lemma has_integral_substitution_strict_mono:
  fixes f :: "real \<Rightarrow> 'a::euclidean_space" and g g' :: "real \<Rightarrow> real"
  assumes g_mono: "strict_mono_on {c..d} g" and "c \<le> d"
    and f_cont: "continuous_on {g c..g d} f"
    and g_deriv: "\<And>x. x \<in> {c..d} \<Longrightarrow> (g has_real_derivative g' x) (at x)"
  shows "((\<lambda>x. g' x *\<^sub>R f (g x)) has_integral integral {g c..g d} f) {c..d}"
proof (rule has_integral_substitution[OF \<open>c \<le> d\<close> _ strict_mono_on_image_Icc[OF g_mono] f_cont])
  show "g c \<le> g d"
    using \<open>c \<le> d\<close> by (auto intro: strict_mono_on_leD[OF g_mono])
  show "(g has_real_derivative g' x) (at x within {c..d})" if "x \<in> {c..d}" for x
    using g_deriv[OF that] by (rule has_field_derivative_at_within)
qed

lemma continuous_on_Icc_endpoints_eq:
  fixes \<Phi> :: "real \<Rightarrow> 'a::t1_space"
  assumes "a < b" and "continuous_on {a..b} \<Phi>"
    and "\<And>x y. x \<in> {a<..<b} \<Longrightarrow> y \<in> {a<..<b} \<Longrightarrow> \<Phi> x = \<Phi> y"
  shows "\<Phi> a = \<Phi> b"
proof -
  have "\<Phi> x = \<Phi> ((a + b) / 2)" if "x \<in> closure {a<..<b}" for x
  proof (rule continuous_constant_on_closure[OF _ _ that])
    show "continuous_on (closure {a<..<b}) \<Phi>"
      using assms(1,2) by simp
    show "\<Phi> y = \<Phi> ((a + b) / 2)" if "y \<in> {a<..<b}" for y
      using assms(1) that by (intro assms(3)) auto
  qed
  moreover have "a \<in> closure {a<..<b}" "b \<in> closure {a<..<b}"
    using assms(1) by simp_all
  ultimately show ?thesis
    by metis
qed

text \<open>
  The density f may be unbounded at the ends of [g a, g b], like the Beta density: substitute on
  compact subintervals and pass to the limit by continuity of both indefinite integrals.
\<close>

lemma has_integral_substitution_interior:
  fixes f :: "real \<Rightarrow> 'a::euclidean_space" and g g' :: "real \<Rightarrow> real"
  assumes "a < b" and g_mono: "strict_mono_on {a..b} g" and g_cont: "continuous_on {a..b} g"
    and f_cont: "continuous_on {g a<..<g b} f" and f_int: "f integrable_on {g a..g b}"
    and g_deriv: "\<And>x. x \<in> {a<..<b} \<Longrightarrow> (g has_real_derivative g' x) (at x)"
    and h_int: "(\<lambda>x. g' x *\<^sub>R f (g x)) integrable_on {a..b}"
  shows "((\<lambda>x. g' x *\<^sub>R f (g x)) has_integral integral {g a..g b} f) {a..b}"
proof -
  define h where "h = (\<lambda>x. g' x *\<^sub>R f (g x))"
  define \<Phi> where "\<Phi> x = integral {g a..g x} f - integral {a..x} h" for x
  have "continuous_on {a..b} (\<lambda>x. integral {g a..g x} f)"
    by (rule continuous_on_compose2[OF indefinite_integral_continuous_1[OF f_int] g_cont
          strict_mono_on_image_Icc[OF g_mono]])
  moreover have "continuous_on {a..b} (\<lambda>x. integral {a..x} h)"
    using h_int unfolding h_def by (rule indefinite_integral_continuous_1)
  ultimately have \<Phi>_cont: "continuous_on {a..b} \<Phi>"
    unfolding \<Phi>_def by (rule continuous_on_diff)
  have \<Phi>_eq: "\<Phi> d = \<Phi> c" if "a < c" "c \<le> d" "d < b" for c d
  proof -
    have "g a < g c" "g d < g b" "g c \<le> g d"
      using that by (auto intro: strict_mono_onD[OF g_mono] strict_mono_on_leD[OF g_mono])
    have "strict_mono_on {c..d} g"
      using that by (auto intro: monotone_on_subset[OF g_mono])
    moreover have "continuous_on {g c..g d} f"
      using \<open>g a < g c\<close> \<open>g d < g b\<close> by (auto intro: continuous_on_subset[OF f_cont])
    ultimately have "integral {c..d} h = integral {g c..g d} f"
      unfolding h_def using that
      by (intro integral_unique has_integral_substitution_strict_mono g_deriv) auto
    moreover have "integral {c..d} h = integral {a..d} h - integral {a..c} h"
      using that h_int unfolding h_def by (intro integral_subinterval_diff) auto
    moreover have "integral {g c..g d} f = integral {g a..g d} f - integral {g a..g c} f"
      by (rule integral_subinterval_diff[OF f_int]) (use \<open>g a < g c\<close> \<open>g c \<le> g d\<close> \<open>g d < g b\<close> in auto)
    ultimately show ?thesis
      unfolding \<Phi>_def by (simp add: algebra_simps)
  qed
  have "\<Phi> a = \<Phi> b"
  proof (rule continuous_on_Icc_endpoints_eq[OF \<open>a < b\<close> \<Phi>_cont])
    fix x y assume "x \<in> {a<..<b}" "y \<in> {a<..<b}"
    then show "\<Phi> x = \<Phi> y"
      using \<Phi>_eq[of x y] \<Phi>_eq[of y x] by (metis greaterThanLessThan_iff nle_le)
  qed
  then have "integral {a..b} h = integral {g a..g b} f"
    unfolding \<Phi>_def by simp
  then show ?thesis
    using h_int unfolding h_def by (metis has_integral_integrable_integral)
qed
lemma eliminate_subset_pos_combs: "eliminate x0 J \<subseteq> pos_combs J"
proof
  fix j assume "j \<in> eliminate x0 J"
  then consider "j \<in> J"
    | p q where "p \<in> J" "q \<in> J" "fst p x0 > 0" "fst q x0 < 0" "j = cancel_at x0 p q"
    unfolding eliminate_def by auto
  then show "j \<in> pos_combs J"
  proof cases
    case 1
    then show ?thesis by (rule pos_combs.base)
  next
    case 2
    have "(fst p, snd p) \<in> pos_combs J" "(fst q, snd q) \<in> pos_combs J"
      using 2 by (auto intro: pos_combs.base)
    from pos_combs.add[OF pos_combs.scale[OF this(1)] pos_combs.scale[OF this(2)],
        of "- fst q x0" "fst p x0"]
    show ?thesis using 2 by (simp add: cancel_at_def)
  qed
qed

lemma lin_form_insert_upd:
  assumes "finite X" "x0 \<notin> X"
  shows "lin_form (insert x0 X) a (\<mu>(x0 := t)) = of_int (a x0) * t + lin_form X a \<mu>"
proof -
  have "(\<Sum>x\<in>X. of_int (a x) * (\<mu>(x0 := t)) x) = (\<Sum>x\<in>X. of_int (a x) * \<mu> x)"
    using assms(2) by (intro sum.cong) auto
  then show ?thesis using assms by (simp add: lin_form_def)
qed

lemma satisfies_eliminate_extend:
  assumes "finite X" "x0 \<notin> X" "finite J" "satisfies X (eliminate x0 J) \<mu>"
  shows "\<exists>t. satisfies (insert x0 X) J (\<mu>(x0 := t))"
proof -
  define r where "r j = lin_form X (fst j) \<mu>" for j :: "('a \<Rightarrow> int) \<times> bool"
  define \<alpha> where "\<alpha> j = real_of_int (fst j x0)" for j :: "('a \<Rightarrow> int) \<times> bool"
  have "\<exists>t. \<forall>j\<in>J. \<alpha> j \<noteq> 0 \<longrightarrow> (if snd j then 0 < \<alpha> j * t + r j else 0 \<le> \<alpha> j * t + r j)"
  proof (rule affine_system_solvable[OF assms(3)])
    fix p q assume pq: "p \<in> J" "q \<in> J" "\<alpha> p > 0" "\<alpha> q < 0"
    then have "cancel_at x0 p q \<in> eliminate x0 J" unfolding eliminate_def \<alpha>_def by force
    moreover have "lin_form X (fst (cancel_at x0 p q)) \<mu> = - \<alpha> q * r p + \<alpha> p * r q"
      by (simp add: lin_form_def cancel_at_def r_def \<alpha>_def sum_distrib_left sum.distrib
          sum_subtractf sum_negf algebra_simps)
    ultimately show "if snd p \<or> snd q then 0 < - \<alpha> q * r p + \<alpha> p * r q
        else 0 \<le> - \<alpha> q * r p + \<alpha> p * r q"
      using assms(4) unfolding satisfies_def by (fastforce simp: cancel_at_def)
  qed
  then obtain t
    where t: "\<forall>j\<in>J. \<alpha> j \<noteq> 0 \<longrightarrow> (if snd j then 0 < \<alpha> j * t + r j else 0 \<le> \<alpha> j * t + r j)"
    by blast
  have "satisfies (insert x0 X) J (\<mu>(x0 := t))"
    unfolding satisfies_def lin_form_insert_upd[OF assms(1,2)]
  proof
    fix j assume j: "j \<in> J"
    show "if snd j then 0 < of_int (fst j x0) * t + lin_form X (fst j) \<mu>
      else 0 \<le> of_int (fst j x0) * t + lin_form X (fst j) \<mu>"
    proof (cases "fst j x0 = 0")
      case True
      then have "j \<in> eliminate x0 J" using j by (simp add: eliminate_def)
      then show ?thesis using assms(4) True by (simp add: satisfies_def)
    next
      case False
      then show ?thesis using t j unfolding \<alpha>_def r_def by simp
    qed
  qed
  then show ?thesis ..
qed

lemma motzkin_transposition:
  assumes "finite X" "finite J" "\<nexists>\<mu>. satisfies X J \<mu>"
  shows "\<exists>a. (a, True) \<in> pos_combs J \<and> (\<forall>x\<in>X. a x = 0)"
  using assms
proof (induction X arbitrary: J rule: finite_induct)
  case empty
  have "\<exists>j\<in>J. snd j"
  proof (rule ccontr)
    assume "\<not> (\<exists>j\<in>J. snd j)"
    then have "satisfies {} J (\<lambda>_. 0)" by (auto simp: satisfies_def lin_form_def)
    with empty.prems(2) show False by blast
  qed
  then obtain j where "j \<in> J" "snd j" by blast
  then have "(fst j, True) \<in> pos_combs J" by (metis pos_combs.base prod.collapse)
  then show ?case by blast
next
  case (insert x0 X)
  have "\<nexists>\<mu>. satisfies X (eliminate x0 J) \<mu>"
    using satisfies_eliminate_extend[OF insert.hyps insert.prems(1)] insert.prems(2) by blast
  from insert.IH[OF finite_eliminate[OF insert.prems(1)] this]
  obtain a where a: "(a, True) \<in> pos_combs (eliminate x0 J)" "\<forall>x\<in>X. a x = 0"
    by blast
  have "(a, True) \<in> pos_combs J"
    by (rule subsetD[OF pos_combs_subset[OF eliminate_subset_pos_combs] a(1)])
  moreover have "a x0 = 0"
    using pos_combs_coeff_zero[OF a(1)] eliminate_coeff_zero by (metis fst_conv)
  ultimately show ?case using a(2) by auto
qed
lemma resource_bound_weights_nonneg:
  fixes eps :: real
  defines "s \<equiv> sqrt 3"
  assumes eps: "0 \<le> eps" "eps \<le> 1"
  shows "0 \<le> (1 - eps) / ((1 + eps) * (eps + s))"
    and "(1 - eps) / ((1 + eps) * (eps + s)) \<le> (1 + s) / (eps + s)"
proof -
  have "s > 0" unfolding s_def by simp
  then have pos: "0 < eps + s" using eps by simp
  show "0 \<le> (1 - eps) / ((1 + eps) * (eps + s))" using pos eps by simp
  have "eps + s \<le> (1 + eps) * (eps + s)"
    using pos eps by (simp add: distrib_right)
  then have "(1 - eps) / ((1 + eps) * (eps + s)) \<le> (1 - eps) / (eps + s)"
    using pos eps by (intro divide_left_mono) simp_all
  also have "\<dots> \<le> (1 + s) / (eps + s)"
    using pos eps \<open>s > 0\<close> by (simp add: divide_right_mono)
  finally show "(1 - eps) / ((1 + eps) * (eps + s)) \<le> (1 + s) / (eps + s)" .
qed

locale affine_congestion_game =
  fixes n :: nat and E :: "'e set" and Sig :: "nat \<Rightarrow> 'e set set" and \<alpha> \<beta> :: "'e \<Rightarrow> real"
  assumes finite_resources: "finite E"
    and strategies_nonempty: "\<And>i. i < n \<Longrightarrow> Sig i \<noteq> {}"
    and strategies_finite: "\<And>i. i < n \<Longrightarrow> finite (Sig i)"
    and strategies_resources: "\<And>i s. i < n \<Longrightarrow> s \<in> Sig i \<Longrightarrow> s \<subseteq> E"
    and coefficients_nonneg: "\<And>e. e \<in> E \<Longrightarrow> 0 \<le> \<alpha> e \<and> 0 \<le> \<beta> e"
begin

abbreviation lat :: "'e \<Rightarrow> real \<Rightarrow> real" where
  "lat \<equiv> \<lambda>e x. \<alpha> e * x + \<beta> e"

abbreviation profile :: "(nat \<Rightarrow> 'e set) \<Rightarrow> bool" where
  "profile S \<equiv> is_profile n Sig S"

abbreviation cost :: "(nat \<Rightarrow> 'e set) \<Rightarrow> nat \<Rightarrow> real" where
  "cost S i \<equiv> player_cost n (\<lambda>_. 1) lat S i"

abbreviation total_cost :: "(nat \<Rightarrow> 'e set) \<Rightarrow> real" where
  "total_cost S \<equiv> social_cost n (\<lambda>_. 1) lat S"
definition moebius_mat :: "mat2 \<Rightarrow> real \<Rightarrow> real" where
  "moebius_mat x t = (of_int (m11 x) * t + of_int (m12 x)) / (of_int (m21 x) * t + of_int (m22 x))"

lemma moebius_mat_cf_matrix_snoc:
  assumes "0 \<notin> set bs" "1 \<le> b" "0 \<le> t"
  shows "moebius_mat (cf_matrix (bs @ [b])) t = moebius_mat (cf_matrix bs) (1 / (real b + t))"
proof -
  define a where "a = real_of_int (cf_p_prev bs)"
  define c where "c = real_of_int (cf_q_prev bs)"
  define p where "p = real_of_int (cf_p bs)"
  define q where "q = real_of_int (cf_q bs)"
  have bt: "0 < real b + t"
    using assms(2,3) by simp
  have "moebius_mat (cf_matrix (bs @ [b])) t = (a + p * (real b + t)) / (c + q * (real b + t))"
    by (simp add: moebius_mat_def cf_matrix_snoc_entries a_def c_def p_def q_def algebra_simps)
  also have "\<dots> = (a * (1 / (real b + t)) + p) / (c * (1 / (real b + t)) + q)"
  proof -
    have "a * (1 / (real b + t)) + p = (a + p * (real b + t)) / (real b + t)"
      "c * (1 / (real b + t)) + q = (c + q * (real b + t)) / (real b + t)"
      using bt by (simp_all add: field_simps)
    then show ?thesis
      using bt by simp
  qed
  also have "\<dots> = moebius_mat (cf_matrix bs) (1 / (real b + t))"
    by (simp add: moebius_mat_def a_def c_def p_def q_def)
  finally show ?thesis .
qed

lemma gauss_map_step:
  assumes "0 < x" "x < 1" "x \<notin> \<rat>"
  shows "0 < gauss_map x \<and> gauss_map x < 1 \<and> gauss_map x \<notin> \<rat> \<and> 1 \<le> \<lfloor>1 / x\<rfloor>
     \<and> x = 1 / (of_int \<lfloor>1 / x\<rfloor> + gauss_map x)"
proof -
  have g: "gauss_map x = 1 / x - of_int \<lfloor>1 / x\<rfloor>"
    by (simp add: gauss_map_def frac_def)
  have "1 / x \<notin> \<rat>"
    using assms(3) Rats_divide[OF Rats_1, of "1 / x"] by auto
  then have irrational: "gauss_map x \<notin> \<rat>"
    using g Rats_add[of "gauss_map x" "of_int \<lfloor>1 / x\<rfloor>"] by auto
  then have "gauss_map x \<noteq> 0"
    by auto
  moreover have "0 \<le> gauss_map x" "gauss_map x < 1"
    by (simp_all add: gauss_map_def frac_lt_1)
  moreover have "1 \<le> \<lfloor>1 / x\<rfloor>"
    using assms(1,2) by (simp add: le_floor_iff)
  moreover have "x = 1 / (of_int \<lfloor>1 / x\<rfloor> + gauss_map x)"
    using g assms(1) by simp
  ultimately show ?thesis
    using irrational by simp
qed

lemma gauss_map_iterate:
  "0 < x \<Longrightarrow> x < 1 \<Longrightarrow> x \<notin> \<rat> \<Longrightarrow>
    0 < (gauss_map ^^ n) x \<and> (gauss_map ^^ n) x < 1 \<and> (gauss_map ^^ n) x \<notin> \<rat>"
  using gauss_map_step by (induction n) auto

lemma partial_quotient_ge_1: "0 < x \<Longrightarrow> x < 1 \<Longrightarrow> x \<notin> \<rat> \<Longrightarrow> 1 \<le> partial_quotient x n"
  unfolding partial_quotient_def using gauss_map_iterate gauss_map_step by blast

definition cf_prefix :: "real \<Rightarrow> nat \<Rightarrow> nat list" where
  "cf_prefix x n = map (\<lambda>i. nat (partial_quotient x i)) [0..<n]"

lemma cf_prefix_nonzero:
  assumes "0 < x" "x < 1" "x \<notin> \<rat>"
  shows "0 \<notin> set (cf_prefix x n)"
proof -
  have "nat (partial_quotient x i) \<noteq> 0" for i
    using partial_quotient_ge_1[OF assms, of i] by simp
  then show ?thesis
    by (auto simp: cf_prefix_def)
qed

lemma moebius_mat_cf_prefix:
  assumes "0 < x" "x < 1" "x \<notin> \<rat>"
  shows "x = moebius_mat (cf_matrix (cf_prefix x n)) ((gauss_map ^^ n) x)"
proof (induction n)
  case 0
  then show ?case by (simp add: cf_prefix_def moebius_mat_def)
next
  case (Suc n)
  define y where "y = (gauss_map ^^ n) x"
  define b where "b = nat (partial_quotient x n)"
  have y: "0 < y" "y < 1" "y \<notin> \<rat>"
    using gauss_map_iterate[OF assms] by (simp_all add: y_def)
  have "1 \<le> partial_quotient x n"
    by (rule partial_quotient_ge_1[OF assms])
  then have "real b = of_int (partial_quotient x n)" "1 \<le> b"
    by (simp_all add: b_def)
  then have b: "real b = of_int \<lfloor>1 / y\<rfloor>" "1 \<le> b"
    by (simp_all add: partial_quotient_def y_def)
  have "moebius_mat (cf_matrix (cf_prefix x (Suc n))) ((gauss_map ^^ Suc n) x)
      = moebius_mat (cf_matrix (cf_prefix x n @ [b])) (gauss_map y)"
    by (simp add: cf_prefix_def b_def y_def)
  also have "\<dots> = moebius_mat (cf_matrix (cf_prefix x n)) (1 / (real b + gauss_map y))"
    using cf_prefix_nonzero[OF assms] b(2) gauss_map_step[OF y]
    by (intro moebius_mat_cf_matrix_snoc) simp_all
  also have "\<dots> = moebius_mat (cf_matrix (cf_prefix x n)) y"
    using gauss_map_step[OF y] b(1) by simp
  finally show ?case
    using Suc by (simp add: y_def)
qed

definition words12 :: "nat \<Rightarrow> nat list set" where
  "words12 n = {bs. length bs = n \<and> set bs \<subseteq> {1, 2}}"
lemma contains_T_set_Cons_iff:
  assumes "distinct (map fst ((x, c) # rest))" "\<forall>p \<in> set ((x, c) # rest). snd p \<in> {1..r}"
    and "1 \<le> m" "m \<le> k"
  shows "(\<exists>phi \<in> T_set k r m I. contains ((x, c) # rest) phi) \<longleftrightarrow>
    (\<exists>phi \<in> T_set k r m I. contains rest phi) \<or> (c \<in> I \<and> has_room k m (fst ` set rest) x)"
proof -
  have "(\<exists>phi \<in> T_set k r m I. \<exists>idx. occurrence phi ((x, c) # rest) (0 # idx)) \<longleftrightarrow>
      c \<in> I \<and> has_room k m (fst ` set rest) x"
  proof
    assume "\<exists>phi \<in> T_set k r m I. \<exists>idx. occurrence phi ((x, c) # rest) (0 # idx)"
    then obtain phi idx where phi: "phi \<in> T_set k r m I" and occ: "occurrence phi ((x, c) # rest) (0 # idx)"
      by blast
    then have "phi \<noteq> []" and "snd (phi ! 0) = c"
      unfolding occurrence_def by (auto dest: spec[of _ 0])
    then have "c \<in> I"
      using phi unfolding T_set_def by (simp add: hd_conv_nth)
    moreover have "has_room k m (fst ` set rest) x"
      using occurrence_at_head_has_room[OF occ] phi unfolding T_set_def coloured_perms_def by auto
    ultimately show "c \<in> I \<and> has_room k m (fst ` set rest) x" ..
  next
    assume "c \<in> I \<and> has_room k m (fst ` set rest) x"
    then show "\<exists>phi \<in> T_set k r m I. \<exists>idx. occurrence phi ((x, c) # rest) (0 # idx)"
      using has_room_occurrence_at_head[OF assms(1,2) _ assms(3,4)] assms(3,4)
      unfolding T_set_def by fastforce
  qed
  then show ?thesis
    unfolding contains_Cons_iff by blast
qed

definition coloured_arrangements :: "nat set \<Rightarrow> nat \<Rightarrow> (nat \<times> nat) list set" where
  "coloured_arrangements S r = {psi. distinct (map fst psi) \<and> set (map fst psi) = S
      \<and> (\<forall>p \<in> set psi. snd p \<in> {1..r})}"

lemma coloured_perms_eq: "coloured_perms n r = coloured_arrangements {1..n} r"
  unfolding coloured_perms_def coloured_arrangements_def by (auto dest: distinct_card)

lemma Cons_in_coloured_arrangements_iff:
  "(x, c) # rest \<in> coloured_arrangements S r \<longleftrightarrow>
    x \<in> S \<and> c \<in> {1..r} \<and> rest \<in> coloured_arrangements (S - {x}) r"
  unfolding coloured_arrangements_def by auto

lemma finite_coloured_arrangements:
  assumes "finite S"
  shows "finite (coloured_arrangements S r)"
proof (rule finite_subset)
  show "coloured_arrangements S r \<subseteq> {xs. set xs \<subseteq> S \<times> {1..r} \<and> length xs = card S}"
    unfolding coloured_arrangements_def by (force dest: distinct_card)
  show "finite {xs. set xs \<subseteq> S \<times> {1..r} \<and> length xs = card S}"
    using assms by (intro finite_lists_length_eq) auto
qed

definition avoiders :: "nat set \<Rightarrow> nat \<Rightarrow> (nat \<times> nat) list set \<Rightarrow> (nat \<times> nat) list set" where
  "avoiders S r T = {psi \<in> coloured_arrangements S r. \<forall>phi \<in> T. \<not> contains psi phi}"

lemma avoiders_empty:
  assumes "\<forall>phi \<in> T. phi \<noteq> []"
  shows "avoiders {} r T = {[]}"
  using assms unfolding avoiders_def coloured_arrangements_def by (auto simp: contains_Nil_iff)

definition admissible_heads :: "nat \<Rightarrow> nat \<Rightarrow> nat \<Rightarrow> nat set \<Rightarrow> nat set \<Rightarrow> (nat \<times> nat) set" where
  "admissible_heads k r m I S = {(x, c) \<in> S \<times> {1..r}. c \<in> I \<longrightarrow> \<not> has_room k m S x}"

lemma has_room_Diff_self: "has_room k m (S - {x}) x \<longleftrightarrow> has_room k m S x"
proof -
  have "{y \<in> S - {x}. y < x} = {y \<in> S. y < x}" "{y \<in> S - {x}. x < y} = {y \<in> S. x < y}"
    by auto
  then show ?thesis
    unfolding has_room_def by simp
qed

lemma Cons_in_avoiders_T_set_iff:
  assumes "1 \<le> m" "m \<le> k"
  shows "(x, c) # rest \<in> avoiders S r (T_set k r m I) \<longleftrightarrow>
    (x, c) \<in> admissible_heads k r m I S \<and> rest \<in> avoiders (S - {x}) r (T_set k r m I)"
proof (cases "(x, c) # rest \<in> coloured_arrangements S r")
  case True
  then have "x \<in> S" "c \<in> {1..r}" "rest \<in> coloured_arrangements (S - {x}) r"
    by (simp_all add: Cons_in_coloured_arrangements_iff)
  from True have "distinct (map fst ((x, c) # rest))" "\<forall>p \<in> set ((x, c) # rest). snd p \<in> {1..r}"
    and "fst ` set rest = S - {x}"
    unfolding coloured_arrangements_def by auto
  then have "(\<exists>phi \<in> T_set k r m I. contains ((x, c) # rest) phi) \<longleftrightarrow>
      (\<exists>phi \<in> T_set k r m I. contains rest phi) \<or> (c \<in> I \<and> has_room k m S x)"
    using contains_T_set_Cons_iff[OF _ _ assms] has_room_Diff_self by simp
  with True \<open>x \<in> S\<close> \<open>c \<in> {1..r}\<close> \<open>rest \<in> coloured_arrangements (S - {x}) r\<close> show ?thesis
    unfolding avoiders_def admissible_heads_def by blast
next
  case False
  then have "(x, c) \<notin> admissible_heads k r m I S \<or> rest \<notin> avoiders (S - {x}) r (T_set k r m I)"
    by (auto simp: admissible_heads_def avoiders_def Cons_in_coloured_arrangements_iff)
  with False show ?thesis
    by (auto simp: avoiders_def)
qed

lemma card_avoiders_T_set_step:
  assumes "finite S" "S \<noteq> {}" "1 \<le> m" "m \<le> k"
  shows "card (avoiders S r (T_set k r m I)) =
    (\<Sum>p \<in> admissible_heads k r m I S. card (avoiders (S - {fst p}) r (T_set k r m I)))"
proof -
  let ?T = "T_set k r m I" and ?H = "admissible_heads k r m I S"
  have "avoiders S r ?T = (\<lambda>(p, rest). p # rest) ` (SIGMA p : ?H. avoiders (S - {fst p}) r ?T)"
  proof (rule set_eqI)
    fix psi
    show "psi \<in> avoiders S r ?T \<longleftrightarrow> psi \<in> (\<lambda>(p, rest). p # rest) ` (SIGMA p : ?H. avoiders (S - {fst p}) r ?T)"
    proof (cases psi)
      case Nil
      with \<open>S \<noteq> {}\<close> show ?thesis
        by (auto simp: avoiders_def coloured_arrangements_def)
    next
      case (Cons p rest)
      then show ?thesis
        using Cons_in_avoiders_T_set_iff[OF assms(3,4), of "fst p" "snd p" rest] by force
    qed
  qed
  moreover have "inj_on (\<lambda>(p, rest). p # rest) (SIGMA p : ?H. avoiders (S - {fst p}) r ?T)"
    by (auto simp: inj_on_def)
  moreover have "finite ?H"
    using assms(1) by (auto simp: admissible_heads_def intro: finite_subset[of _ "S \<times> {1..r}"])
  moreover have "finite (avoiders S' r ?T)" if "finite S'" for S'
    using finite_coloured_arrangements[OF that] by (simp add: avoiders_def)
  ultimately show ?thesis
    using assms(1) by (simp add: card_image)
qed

======

**Task details**
Only an exact copy of the lines from the beginning of the listing through the line with "using \<open>c \<le>", both included, belongs in the answer.

**Response to this task**
lemma has_integral_substitution_strict_mono:
  fixes f :: "real \<Rightarrow> 'a::euclidean_space" and g g' :: "real \<Rightarrow> real"
  assumes g_mono: "strict_mono_on {c..d} g" and "c \<le> d"
    and f_cont: "continuous_on {g c..g d} f"
    and g_deriv: "\<And>x. x \<in> {c..d} \<Longrightarrow> (g has_real_derivative g' x) (at x)"
  shows "((\<lambda>x. g' x *\<^sub>R f (g x)) has_integral integral {g c..g d} f) {c..d}"
proof (rule has_integral_substitution[OF \<open>c \<le> d\<close> _ strict_mono_on_image_Icc[OF g_mono] f_cont])
  show "g c \<le> g d"
    using \<open>c \<le> d\<close> by (auto intro: strict_mono_on_leD[OF g_mono])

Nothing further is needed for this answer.